• [How to complete this task]: Beginning with the line below that contains "using n_less_m X_gt_1" and ending with the line that contains "using orthonormal_expansion[OF orthonormal]", copy every line exactly. Copy nothing else.

• [Collected data]:

text \<open>Taking logarithms, the two hypotheses combine to \<open>(y + 1 - 2 d) (E - 1) > 0\<close>.\<close>

lemma exponent_bound_of_log_bound:
  fixes q d m y \<delta> E :: nat
  assumes "2 \<le> q" "1 \<le> E" "0 < m"
    and power_bound: "q ^ (d * m) < 2 ^ (m + \<delta> * (E - 1)) * q ^ (y * (E - 1))"
    and log_bound: "ln 2 / ln (real q)
      \<le> (real d * (real m - 2 * real E + 2) + real E - 1) / (real m + real \<delta> * (real E - 1))"
  shows "2 * d \<le> y"
proof (rule ccontr)
  assume "\<not> 2 * d \<le> y"
  then have y_le: "real y \<le> 2 * real d - 1"
    by linarith
  define Lq where "Lq = ln (real q)"
  define Den where "Den = real m + real \<delta> * (real E - 1)"
  define Num where "Num = real d * (real m - 2 * real E + 2) + real E - 1"
  have "0 < Lq"
    unfolding Lq_def using assms(1) by simp
  have "0 < Den"
    unfolding Den_def using assms(2,3) by (simp add: add_pos_nonneg)
  have "real (q ^ (d * m)) < real (2 ^ (m + \<delta> * (E - 1)) * q ^ (y * (E - 1)))"
    using power_bound by (simp only: of_nat_less_iff)
  then have "ln (real q ^ (d * m)) < ln (2 ^ (m + \<delta> * (E - 1)) * real q ^ (y * (E - 1)))"
    using assms(1) by (subst ln_less_cancel_iff) simp_all
  then have "real (d * m) * Lq < real (m + \<delta> * (E - 1)) * ln 2 + real (y * (E - 1)) * Lq"
    using assms(1) by (simp add: Lq_def ln_mult ln_realpow)
  then have "real d * real m * Lq < Den * ln 2 + real y * (real E - 1) * Lq"
    using assms(2) by (simp add: Den_def of_nat_diff)
  moreover have "Den * ln 2 \<le> Num * Lq"
    using log_bound \<open>0 < Lq\<close> \<open>0 < Den\<close>
    by (simp add: Lq_def Den_def Num_def divide_le_eq le_divide_eq mult.commute)
  moreover have "real y * (real E - 1) * Lq \<le> (2 * real d - 1) * (real E - 1) * Lq"
    using y_le assms(2) \<open>0 < Lq\<close> by (intro mult_right_mono) auto
  moreover have "Num * Lq + (2 * real d - 1) * (real E - 1) * Lq = real d * real m * Lq"
    unfolding Num_def by (simp add: algebra_simps)
  ultimately show False
    by linarith
qed

locale power_difference_equation =
  fixes m n q X y1 y2 E N e :: nat
  assumes n_less_m: "n < m"
    and prime_q: "prime q" and odd_q: "odd q"
    and X_gt_1: "1 < X" and coprime_X_q: "coprime X q"
    and y2_pos: "0 < y2" and y2_less_y1: "y2 < y1"
    and equation: "int X ^ m - int X ^ n = int q ^ y1 - int q ^ y2"
    and E_eq: "E = pm_ord (int q) (int X)"
    and N_eq: "N = (m - n) div E"
    and e_eq: "e = multiplicity q N"
    and odd_N: "odd N"
begin

lemma q_gt_2: "2 < q"
  using prime_ge_2_nat[OF prime_q] odd_q by (cases "q = 2") auto

lemma not_dvd_X: "\<not> q dvd X"
  using coprime_X_q prime_q coprime_common_divisor_nat[of X q q] by (auto simp: prime_gt_1_nat)

lemma equation_nat: "X ^ n * (X ^ (m - n) - 1) = q ^ y2 * (q ^ (y1 - y2) - 1)"
proof -
  have "int (X ^ n * (X ^ (m - n) - 1)) = int X ^ m - int X ^ n"
    using n_less_m X_gt_1
    by (simp add: of_nat_diff right_diff_distrib flip: power_add)
  also have "\<dots> = int (q ^ y2 * (q ^ (y1 - y2) - 1))"
    using equation y2_less_y1 prime_gt_0_nat[OF prime_q]
    by (simp add: of_nat_diff right_diff_distrib flip: power_add)
  finally show ?thesis
    by (simp only: of_nat_eq_iff)
qed
lemma expansion:
  assumes "x \<in> Xs (l + (N + 1))"
  shows "x = (\<Sum>i<n (N + 2). inner x (w i) *\<^sub>R w i)"
  using orthonormal_expansion[OF orthonormal] span_eq[of "N + 1"] assms by simp

lemma norm_sq_eq_sum_coefficients:
  assumes "x \<in> Xs (l + (N + 1))"
  shows "(norm x)^2 = (\<Sum>i<n (N + 2). (inner x (w i))^2)"
  using norm_sum_orthonormal[OF orthonormal] expansion[OF assms] by (metis finite_lessThan)

lemma coefficient_beyond_level:
  assumes "j \<le> N + 1" "x \<in> Xs (l + j)" "n (Suc j) \<le> i" "i < n (N + 2)"
  shows "inner x (w i) = 0"
proof -
  have "orthogonal (w i) (w k)" if "k < n (Suc j)" for k
    using orthonormal n_mono[of "Suc j" "N + 2"] assms that
    by (auto simp: orthonormal_family_def orthogonal_def)
  then have "orthogonal (w i) x"
    using orthogonal_to_span[of x "w ` {..<n (Suc j)}" "w i"] span_eq assms(1,2) by auto
  then show ?thesis
    by (simp add: orthogonal_def inner_commute)
qed

lemma nontrivial_iff:
  assumes "j \<le> N + 1"
  shows "Xs (l + j) - {0} \<noteq> {} \<longleftrightarrow> 0 < n (Suc j)"
proof
  assume "Xs (l + j) - {0} \<noteq> {}"
  then show "0 < n (Suc j)"
    using span_eq[OF assms] by (cases "n (Suc j)") auto
next
  assume pos: "0 < n (Suc j)"
  then have "0 < n (N + 2)"
    using n_mono[of "Suc j" "N + 2"] assms by simp
  then have "inner (w 0) (w 0) = 1"
    using orthonormal unfolding orthonormal_family_def by simp
  then have "w 0 \<noteq> 0"
    by auto
  then show "Xs (l + j) - {0} \<noteq> {}"
    using w_mem[OF assms pos] by blast
qed

end

section \<open>Nested Petrov-Galerkin approximations\<close>

lemma inf_sup_norm_le:
  fixes a :: "'x::real_normed_vector \<Rightarrow> 'y::real_normed_vector \<Rightarrow> real"
  assumes bound: "\<And>w v. \<bar>a w v\<bar> \<le> C * norm w * norm v"
    and "\<gamma> > 0" "w \<noteq> 0" "Y - {0} \<noteq> {}"
    and inf_sup: "(SUP v\<in>Y - {0}. a w v / (norm w * norm v)) \<ge> \<gamma>"
    and same_action: "\<And>v. v \<in> Y \<Longrightarrow> a w v = a e v"
  shows "norm w \<le> C / \<gamma> * norm e"
proof -
  have "(SUP v\<in>Y - {0}. a w v / (norm w * norm v)) \<le> C * norm e / norm w"
  proof (rule cSUP_least[OF \<open>Y - {0} \<noteq> {}\<close>])
    fix v assume v: "v \<in> Y - {0}"
    then have "a w v \<le> C * norm e * norm v"
      using same_action[of v] bound[of e v] by simp
    then have "a w v / (norm w * norm v) \<le> C * norm e * norm v / (norm w * norm v)"
      by (rule divide_right_mono) simp
    then show "a w v / (norm w * norm v) \<le> C * norm e / norm w"
      using v by simp
  qed
  then have "\<gamma> \<le> C * norm e / norm w"
    using inf_sup by linarith
  then have "\<gamma> * norm w \<le> C * norm e"
    using \<open>w \<noteq> 0\<close> by (simp add: pos_le_divide_eq)
  then have "norm w \<le> C * norm e / \<gamma>"
    using \<open>\<gamma> > 0\<close> by (simp add: pos_le_divide_eq mult.commute)
  then show ?thesis
    by simp
qed

locale nested_petrov_galerkin =
  X: nested_basis Xs l N wX + Y: nested_basis Ys l N wY
  for Xs :: "nat \<Rightarrow> 'x::real_inner set" and Ys :: "nat \<Rightarrow> 'y::real_inner set" and l N wX wY +
  fixes a :: "'x \<Rightarrow> 'y \<Rightarrow> real" and f :: "'y \<Rightarrow> real" and us :: "nat \<Rightarrow> 'x"
  assumes bilinear: "bilinear a"
    and dims: "\<And>k. k \<le> N + 1 \<Longrightarrow> dim (Xs (l + k)) = dim (Ys (l + k))"
    and us_in: "\<And>k. k \<le> N + 1 \<Longrightarrow> us (l + k) \<in> Xs (l + k)"
    and us_sol: "\<And>k v. k \<le> N + 1 \<Longrightarrow> v \<in> Ys (l + k) \<Longrightarrow> a (us (l + k)) v = f v"
begin

definition coeff :: "nat \<Rightarrow> nat \<Rightarrow> real" where
  "coeff j i = inner (us (l + j)) (wX i)"

lemma us_in_top: "j \<le> N + 1 \<Longrightarrow> us (l + j) \<in> Xs (l + (N + 1))"
  using us_in X.Xs_mono[of j "N + 1"] by auto

lemma coeff_support: "j \<le> N + 1 \<Longrightarrow> X.n (Suc j) \<le> i \<Longrightarrow> i < X.n (N + 2) \<Longrightarrow> coeff j i = 0"
  unfolding coeff_def by (rule X.coefficient_beyond_level[OF _ us_in])

lemma sq_norm_diff_eq_coeff:
  assumes "j \<le> N + 1" "j' \<le> N + 1"
  shows "(norm (us (l + j) - us (l + j')))^2 = (\<Sum>i<X.n (N + 2). (coeff j i - coeff j' i)^2)"
proof -
  have "us (l + j) - us (l + j') \<in> Xs (l + (N + 1))"
    using X.fin_dim[of "N + 1"] us_in_top assms by (simp add: fin_dim_subspace_def subspace_diff)
  then show ?thesis
    by (simp add: X.norm_sq_eq_sum_coefficients coeff_def inner_diff_left)
qed

lemma coeff_galerkin:
  assumes M: "\<And>r t. r < X.n (N + 2) \<Longrightarrow> t < X.n (N + 2) \<Longrightarrow> M r t = a (wX t) (wY r)"
    and "j \<le> N + 1" "r < X.n (Suc j)"
  shows "mat_vec (X.n (N + 2)) M (coeff j) r = f (wY r)"
proof -
  have "wY r \<in> Ys (l + j)"
    using Y.w_mem assms(2,3) dims by (simp add: blk_bd_def)
  then have "f (wY r) = a (us (l + j)) (wY r)"
    using us_sol assms(2) by simp
  also have "\<dots> = a (\<Sum>i<X.n (N + 2). coeff j i *\<^sub>R wX i) (wY r)"
    using X.expansion[OF us_in_top[OF assms(2)]] by (simp add: coeff_def)
  also have "\<dots> = (\<Sum>i<X.n (N + 2). a (wX i) (wY r) * coeff j i)"
  proof -
    have "linear (\<lambda>x. a x (wY r))"
      using bilinear by (simp add: bilinear_def)
    then show ?thesis
      by (simp add: linear_sum[of "\<lambda>x. a x (wY r)"] linear_scale[of "\<lambda>x. a x (wY r)"] o_def mult.commute)
  qed
  also have "\<dots> = mat_vec (X.n (N + 2)) M (coeff j) r"
  proof -
    have "r < X.n (N + 2)"
      using assms(2,3) X.n_mono[of "Suc j" "N + 2"] by simp
    then show ?thesis
      unfolding mat_vec_def using M by (intro sum.cong refl) simp
  qed
  finally show ?thesis ..
qed
lemma Sup_fin_sup_ell_diff:
  fixes r p :: "'a::{finite, distrib_lattice}"
  assumes "r < p"
  shows "Sup_fin (sup r ` (ell p - ell r)) = p"
proof -
  have ne: "ell p - ell r \<noteq> {}" using assms ell_subset_iff by (metis Diff_eq_empty_iff less_le_not_le)
  have "ell (Sup_fin (sup r ` (ell p - ell r))) = (\<Union>j\<in>ell p - ell r. ell r \<union> ell j)"
    using ne by (simp add: ell_Sup_fin ell_sup)
  also have "\<dots> = ell p"
  proof
    show "(\<Union>j\<in>ell p - ell r. ell r \<union> ell j) \<subseteq> ell p"
      using assms ell_mono by (auto simp: ell_def less_imp_le)
    show "ell p \<subseteq> (\<Union>j\<in>ell p - ell r. ell r \<union> ell j)"
      using ne by (auto simp: ell_def)
  qed
  finally show ?thesis by (rule injD[OF inj_ell])
qed

lemma Inf_fin_insert_lower:
  fixes A :: "'a::semilattice_inf set"
  assumes "finite A" "\<forall>a\<in>A. m \<le> a"
  shows "Inf_fin (insert m A) = m"
  using assms by (cases "A = {}") (simp_all add: inf.absorb1 Inf_fin.bounded_iff)

lemma Sup_fin_insert_upper:
  fixes A :: "'a::semilattice_sup set"
  assumes "finite A" "\<forall>a\<in>A. a \<le> m"
  shows "Sup_fin (insert m A) = m"
  using assms by (cases "A = {}") (simp_all add: sup.absorb1 Sup_fin.bounded_iff)

lemma Inf_fin_lower_nbrs_less:
  fixes p :: "'a::{finite, lattice}"
  assumes "S \<subseteq> lower_nbrs p" "S \<noteq> {}"
  shows "Inf_fin S < p"
proof -
  obtain q where q: "q \<in> S" using assms(2) by blast
  then have "Inf_fin S \<le> q" by (simp add: Inf_fin.coboundedI)
  also have "q < p" using q assms(1) unfolding lower_nbrs_def covers_def by auto
  finally show ?thesis .
qed

lemma bij_betw_lower_nbrs_ell_diff_Inf_fin:
  fixes p :: "'a::{finite, distrib_lattice}"
  assumes "S \<subseteq> lower_nbrs p" "S \<noteq> {}"
  shows "bij_betw (\<lambda>q. the_elem (ell p - ell q)) S (ell p - ell (Inf_fin S))"
proof (rule bij_betw_imageI)
  have diff: "ell p - ell q = {the_elem (ell p - ell q)}" if "q \<in> S" for q
  proof -
    have "covers p q" using assms(1) that unfolding lower_nbrs_def by auto
    then obtain j where "ell p - ell q = {j}" using covers_imp_ell_diff_singleton by blast
    then show ?thesis by simp
  qed
  have below: "ell q \<subseteq> ell p" if "q \<in> S" for q
  proof -
    have "q < p" using assms(1) that unfolding lower_nbrs_def covers_def by auto
    then show ?thesis by (simp add: ell_mono less_imp_le)
  qed
  show "inj_on (\<lambda>q. the_elem (ell p - ell q)) S"
  proof (rule inj_onI)
    fix q q' assume q: "q \<in> S" and q': "q' \<in> S"
      and eq: "the_elem (ell p - ell q) = the_elem (ell p - ell q')"
    have "ell p - ell q = ell p - ell q'" using diff[OF q] diff[OF q'] eq by simp
    then have "ell q = ell q'" using below[OF q] below[OF q'] by blast
    then show "q = q'" by (rule injD[OF inj_ell])
  qed
  have "ell p - ell (Inf_fin S) = (\<Union>q\<in>S. ell p - ell q)"
    using assms(2) by (auto simp: ell_Inf_fin)
  also have "\<dots> = (\<lambda>q. the_elem (ell p - ell q)) ` S"
    using diff by blast
  finally show "(\<lambda>q. the_elem (ell p - ell q)) ` S = ell p - ell (Inf_fin S)" ..
qed
(* Let $G$ be an $(N,k)$ Adinkra obtained from an $N$-cube Adinkra by quotienting by a doubly even $(N,k)$ code $C$ (vertices labeled by cosets $x+C$). Let $\phi$ be a single orbit of the automorphism group of $G$ disregarding vertex coloring, and let $c\in\mathbb{Z}_2^N$. If $\langle x,c\rangle \pmod 2$ takes the same value for all $x\in\mathbb{Z}_2^N$ with $x+C\in\phi$, then $c\in C$.
   Context: An Adinkra of dimension $N$ is a finite connected simple graph $G=(V,E)$ with: a bipartition of $V$ into bosons and fermions (every edge joins a boson and a fermion); a height function $\mathrm{hgt}:V\to\mathbb{Z}$ with adjacent vertices at heights differing by $1$; a coloring of $E$ by colors $\{1,\dots,N\}$ such that each vertex is incident to exactly one edge of each color; an edge parity $\pi:E\to\mathbb{Z}_2$ (parity $1$ = dashed); such that every path with edge colors $(i,j)$, $i\ne j$, lies in a unique 4-cycle with colors $(i,j,i,j)$, each having an odd number of dashed edges. If $|V|=2^{N-k}$, $G$ is an $(N,k)$ Adinkra. Switching a vertex reverses the parity of its incident edges. A doubly even $(N,k)$ code $C$ is a $k$-dimensional subspace of $\mathbb{Z}_2^N$ all of whose elements have weight $\equiv0\pmod4$; $\langle u,v\rangle=\sum_i u_iv_i \bmod 2$. Quotient construction: label the vertices of an $N$-cube Adinkra by $\mathbb{Z}_2^N$ so that color-$i$ edges join $v$ and $v+e_i$, and identify vertices whose labels differ by elements of $C$; the result has vertices $x+C$ with color-$i$ edges joining $x+C$ and $x+e_i+C$. An automorphism disregarding vertex coloring is a permutation of $V$ preserving adjacency and edge colors (ignoring heights and bipartition) which becomes parity-preserving after switching some set of vertices. *)

theory Defs
  imports Main
begin

text \<open>Vectors of Z_2^N are represented as subsets of {..<N} (the support);
addition is symmetric difference, weight is cardinality.\<close>

definition vadd :: "nat set \<Rightarrow> nat set \<Rightarrow> nat set" where
  "vadd a b = (a - b) \<union> (b - a)"

definition vinner :: "nat set \<Rightarrow> nat set \<Rightarrow> bool" where
  "vinner a b = odd (card (a \<inter> b))"

definition doubly_even_code :: "nat \<Rightarrow> nat \<Rightarrow> nat set set \<Rightarrow> bool" where
  "doubly_even_code N k C \<longleftrightarrow>
     C \<subseteq> Pow {..<N} \<and> {} \<in> C \<and> (\<forall>a\<in>C. \<forall>b\<in>C. vadd a b \<in> C) \<and>
     card C = 2 ^ k \<and> (\<forall>a\<in>C. card a mod 4 = 0)"

definition coset :: "nat set set \<Rightarrow> nat set \<Rightarrow> nat set set" where
  "coset C x = (\<lambda>c. vadd x c) ` C"

definition qverts :: "nat \<Rightarrow> nat set set \<Rightarrow> nat set set set" where
  "qverts N C = coset C ` Pow {..<N}"

definition nbr :: "nat set set \<Rightarrow> nat \<Rightarrow> nat set set" where
  "nbr u i = (\<lambda>y. vadd y {i}) ` u"

definition qedge :: "nat \<Rightarrow> nat set set \<Rightarrow> nat set set \<Rightarrow> nat set set \<Rightarrow> nat \<Rightarrow> bool" where
  "qedge N C u v i \<longleftrightarrow> u \<in> qverts N C \<and> i < N \<and> v = nbr u i"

• [Task result]:
    using n_less_m X_gt_1
    by (simp add: of_nat_diff right_diff_distrib flip: power_add)
  also have "\<dots> = int (q ^ y2 * (q ^ (y1 - y2) - 1))"
    using equation y2_less_y1 prime_gt_0_nat[OF prime_q]
    by (simp add: of_nat_diff right_diff_distrib flip: power_add)
  finally show ?thesis
    by (simp only: of_nat_eq_iff)
qed
lemma expansion:
  assumes "x \<in> Xs (l + (N + 1))"
  shows "x = (\<Sum>i<n (N + 2). inner x (w i) *\<^sub>R w i)"
  using orthonormal_expansion[OF orthonormal] span_eq[of "N + 1"] assms by simp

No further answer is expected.